4-pyridoxolactonase from Mesorhizobium loti MAFF303099 has been overexpressed in Escherichia coli. The recombinant enzyme was purified and was crystallized by the sitting-drop vapour-diffusion method using PEG 4000 and ammonium sulfate as precipitants. Crystals of the free enzyme (form I) and of the 5-pyridoxolactone-bound enzyme (form II) grew under these conditions. Crystals of form I diffracted to 2.0 A resolution and belonged to the monoclinic space group C2, with unit-cell parameters a = 77.93, b = 38.88, c = 81.60 A, beta = 117.33 degrees. Crystals of form II diffracted to 1.9 A resolution and belonged to the monoclinic space group C2, with unit-cell parameters a = 86.24, b = 39.35, c = 82.68 A, beta = 118.02 degrees.

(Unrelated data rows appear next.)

lemma difference_quotient_tendsto:
  fixes g :: "'a::real_normed_vector \<Rightarrow> 'b::real_normed_vector"
  assumes "(g has_derivative D) (at x)"
  shows "(\<lambda>k. real (Suc k) *\<^sub>R (g (x + inverse (real (Suc k)) *\<^sub>R b) - g x)) \<longlonglongrightarrow> D b"
proof -
  define \<tau> where "\<tau> k = inverse (real (Suc k))" for k
  have "(g has_derivative D) (at (x + 0 *\<^sub>R b))"
    using assms by simp
  then have "((\<lambda>t. g (x + t *\<^sub>R b)) has_derivative (\<lambda>t. D (t *\<^sub>R b))) (at 0)"
    by (rule has_derivative_compose[rotated]) (auto intro!: derivative_eq_intros)
  moreover have "D (t *\<^sub>R b) = t *\<^sub>R D b" for t
    using has_derivative_bounded_linear[OF assms] by (simp add: bounded_linear.linear linear_cmul)
  ultimately have "((\<lambda>t. norm (g (x + t *\<^sub>R b) - g x - t *\<^sub>R D b) / norm t) \<longlongrightarrow> 0) (at 0)"
    by (simp add: has_derivative_at)
  from filterlim_compose[OF this filterlim_scaleR_inverse_Suc_at_0[of "1::real"]]
  have "(\<lambda>k. norm (g (x + \<tau> k *\<^sub>R b) - g x - \<tau> k *\<^sub>R D b) / \<tau> k) \<longlonglongrightarrow> 0"
    by (simp add: \<tau>_def o_def)
  moreover have "norm (g (x + \<tau> k *\<^sub>R b) - g x - \<tau> k *\<^sub>R D b) / \<tau> k
      = norm (real (Suc k) *\<^sub>R (g (x + \<tau> k *\<^sub>R b) - g x) - D b)" for k
  proof -
    have "real (Suc k) *\<^sub>R (g (x + \<tau> k *\<^sub>R b) - g x - \<tau> k *\<^sub>R D b)
        = real (Suc k) *\<^sub>R (g (x + \<tau> k *\<^sub>R b) - g x) - D b"
      by (simp add: \<tau>_def scaleR_diff_right)
    then show ?thesis
      by (metis \<tau>_def divide_inverse_commute inverse_inverse_eq norm_scaleR of_nat_0_le_iff
          abs_of_nonneg mult.commute)
  qed
  ultimately show ?thesis
    by (simp add: \<tau>_def tendsto_norm_zero_iff LIM_zero_iff)
qed

lemma cis_difference_quotient_tendsto:
  "(\<lambda>k. complex_of_real (real (Suc k)) * (cis (inverse (real (Suc k)) * c) - 1)) \<longlonglongrightarrow> \<i> * c"
proof -
  have "((\<lambda>z. exp (\<i> * c * z)) has_field_derivative \<i> * c) (at 0)"
    by (auto intro!: derivative_eq_intros)
  then have "((\<lambda>z. (exp (\<i> * c * z) - exp (\<i> * c * 0)) / (z - 0)) \<longlongrightarrow> \<i> * c) (at 0)"
    by (simp add: DERIV_def)
  from filterlim_compose[OF this filterlim_scaleR_inverse_Suc_at_0[of "1::complex"]]
  show ?thesis
    by (simp add: cis_conv_exp divide_inverse mult.commute mult.left_commute scaleR_conv_of_real mult.assoc)
qed

lemma norm_translate_diff_le:
  fixes g :: "'a::real_normed_vector \<Rightarrow> 'b::real_normed_vector"
  assumes diff: "\<And>x. g differentiable (at x)"
    and bound: "\<And>x. norm (frechet_derivative g (at x) b) \<le> M" and "0 \<le> t"
  shows "norm (g (x + t *\<^sub>R b) - g x) \<le> M * t"
proof -
  have deriv: "(g has_derivative frechet_derivative g (at y)) (at y)" for y
    using diff frechet_derivative_works by blast
  have lin: "frechet_derivative g (at y) (h *\<^sub>R b) = h *\<^sub>R frechet_derivative g (at y) b" for y h
    using has_derivative_bounded_linear[OF deriv[of y]] by (simp add: bounded_linear.linear linear_cmul)
  have "((\<lambda>u. g (x + u *\<^sub>R b)) has_derivative (\<lambda>h. frechet_derivative g (at (x + u *\<^sub>R b)) (h *\<^sub>R b)))
      (at u within {0..t})" for u
    by (rule has_derivative_compose[OF _ deriv]) (auto intro!: derivative_eq_intros)
  then have "norm (g (x + t *\<^sub>R b) - g (x + 0 *\<^sub>R b)) \<le> M * norm (t - 0)"
  proof (rule differentiable_bound[OF convex_real_interval(5)])
    show "onorm (\<lambda>h. frechet_derivative g (at (x + u *\<^sub>R b)) (h *\<^sub>R b)) \<le> M" for u
      using bound[of "x + u *\<^sub>R b"] by (intro onorm_le) (simp add: lin mult.commute[of M] mult_left_mono)
  qed (use \<open>0 \<le> t\<close> in auto)
  then show ?thesis using \<open>0 \<le> t\<close> by simp
qed

lemma norm_difference_quotient_le_indicator:
  fixes g :: "'a::real_normed_vector \<Rightarrow> 'b::real_normed_vector"
  assumes diff: "\<And>x. g differentiable (at x)"
    and bound: "\<And>x. norm (frechet_derivative g (at x) b) \<le> M"
    and supp: "\<And>x. R < norm x \<Longrightarrow> g x = 0" and "0 < t" and "t \<le> 1"
  shows "norm ((g (x + t *\<^sub>R b) - g x) /\<^sub>R t) \<le> M * indicator (cball 0 (R + norm b)) x"
proof (cases "norm x \<le> R + norm b")
  case True
  have "norm ((g (x + t *\<^sub>R b) - g x) /\<^sub>R t) = norm (g (x + t *\<^sub>R b) - g x) / t"
    using \<open>0 < t\<close> by (simp add: divide_inverse_commute)
  also have "\<dots> \<le> M"
    using norm_translate_diff_le[OF diff bound, of t x] \<open>0 < t\<close> by (simp add: pos_divide_le_eq)
  finally show ?thesis
    using True by simp
next
  case False
  then have "R < norm (x + t *\<^sub>R b)"
    using norm_triangle_ineq2[of x "- (t *\<^sub>R b)"] mult_right_mono[OF \<open>t \<le> 1\<close> norm_ge_zero[of b]]
      \<open>0 < t\<close> by simp
  moreover have "R < norm x"
    using False norm_ge_zero[of b] by linarith
  ultimately show ?thesis
    using False by (simp add: supp)
qed

lemma fourier_directional_derivative:
  fixes g :: "'a::euclidean_space \<Rightarrow> complex"
  assumes diff: "\<And>x. g differentiable (at x)"
    and cont: "continuous_on UNIV (\<lambda>x. frechet_derivative g (at x) b)"
    and supp: "\<And>x. R < norm x \<Longrightarrow> g x = 0"
    and supp': "\<And>x. R < norm x \<Longrightarrow> frechet_derivative g (at x) b = 0"
  shows "fourier (\<lambda>x. frechet_derivative g (at x) b) \<xi> = \<i> * of_real (b \<bullet> \<xi>) * fourier g \<xi>"
proof -
  \<comment> \<open>The difference quotients \<open>Q k\<close> with step \<open>1/(k+1)\<close> converge to the integrand, are dominated
    by the mean value bound, and their integrals are \<open>(k+1) (cis (b\<cdot>\<xi>/(k+1)) - 1)\<close> times \<open>fourier g \<xi>\<close>.\<close>
  define G where "G x = frechet_derivative g (at x) b" for x
  define e where "e x = cis (- (x \<bullet> \<xi>))" for x
  define \<tau> where "\<tau> k = inverse (real (Suc k))" for k
  define Q where "Q k x = of_real (real (Suc k)) * (g (x + \<tau> k *\<^sub>R b) - g x) * e x" for k x
  have cont_g: "continuous_on UNIV g"
    using diff differentiable_imp_continuous_within continuous_at_imp_continuous_on by blast
  obtain M where "M \<ge> 0" and M: "\<And>x. norm (G x) \<le> M"
    using bounded_compact_support[OF cont supp'] unfolding G_def by metis
  have "(\<lambda>k. Q k x) \<longlonglongrightarrow> G x * e x" for x
    using tendsto_mult[OF difference_quotient_tendsto[OF diff[of x, unfolded frechet_derivative_works], of b]
        tendsto_const[of "e x"]]
    by (simp add: Q_def G_def \<tau>_def scaleR_conv_of_real)
  moreover have "norm (Q k x) \<le> M * indicator (cball 0 (R + norm b)) x" for k x
  proof -
    have "norm (Q k x) = norm ((g (x + \<tau> k *\<^sub>R b) - g x) /\<^sub>R \<tau> k)"
      unfolding Q_def e_def norm_mult norm_of_real by (simp add: \<tau>_def)
    also have "\<dots> \<le> M * indicator (cball 0 (R + norm b)) x"
      using M[unfolded G_def] by (intro norm_difference_quotient_le_indicator diff supp) (auto simp: \<tau>_def field_simps)
    finally show ?thesis .
  qed
  ultimately have "(\<lambda>k. \<integral>x. Q k x \<partial>lborel) \<longlonglongrightarrow> (\<integral>x. G x * e x \<partial>lborel)"
    by (intro integral_dominated_convergence[where w="\<lambda>x. M * indicator (cball 0 (R + norm b)) x"])
      (auto simp: Q_def G_def e_def
        intro!: emeasure_lborel_cball_finite borel_measurable_continuous_onI continuous_intros cont cont_g
          continuous_on_compose2[OF cont_g] integrable_real_indicator)
  moreover have "(\<integral>x. Q k x \<partial>lborel) = of_real (real (Suc k)) * (cis (\<tau> k * (b \<bullet> \<xi>)) - 1) * fourier g \<xi>" for k
    using fourier_translate_diff[OF cont_g supp, where a="\<tau> k *\<^sub>R b" and \<xi>=\<xi>]
    by (simp add: Q_def e_def fourier_def mult.assoc)
  ultimately have "(\<lambda>k. of_real (real (Suc k)) * (cis (\<tau> k * (b \<bullet> \<xi>)) - 1) * fourier g \<xi>)
      \<longlonglongrightarrow> fourier G \<xi>"
    by (simp add: fourier_def e_def)
  moreover have "(\<lambda>k. of_real (real (Suc k)) * (cis (\<tau> k * (b \<bullet> \<xi>)) - 1) * fourier g \<xi>)
      \<longlonglongrightarrow> \<i> * of_real (b \<bullet> \<xi>) * fourier g \<xi>"
    unfolding \<tau>_def by (intro tendsto_mult cis_difference_quotient_tendsto tendsto_const)
  ultimately show ?thesis
    unfolding G_def by (rule LIMSEQ_unique)
qed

The calculated V(M) values suggested that the asymmetric unit contains one molecule in both crystal forms.

Figure 1

Reactions catalyzed by 4-pyridoxolactonase. (a) Hydrolysis of 4-pyridoxolactone to 4-pyridoxic acid. (b) Hydrolysis of N-hexanoyl-d,l-homoserine lactone to N-­hexanoyl-d,l-homoserine.

Figure 2

SDS–PAGE analysis of purified 4-pyridoxolactonase. Lane 1, molecular markers (kDa). Lane 2, purified 4-pyridoxolactonase for crystallization.

Figure 3

Crystals of 4-pyridoxolactonase. (a) Crystal of form I. (b) Crystal of form II, in which the enzyme binds 5-pyridoxolactone. The scale bars are 0.1 mm in length.

Figure 4

Diffraction images of M. loti 4-pyridoxolactonase. (a) Form I crystal with a resolution scale of 1.9 Å indicated by the ring. (b) Form II crystal with a resolution scale of 1.9 Å indicated by the ring.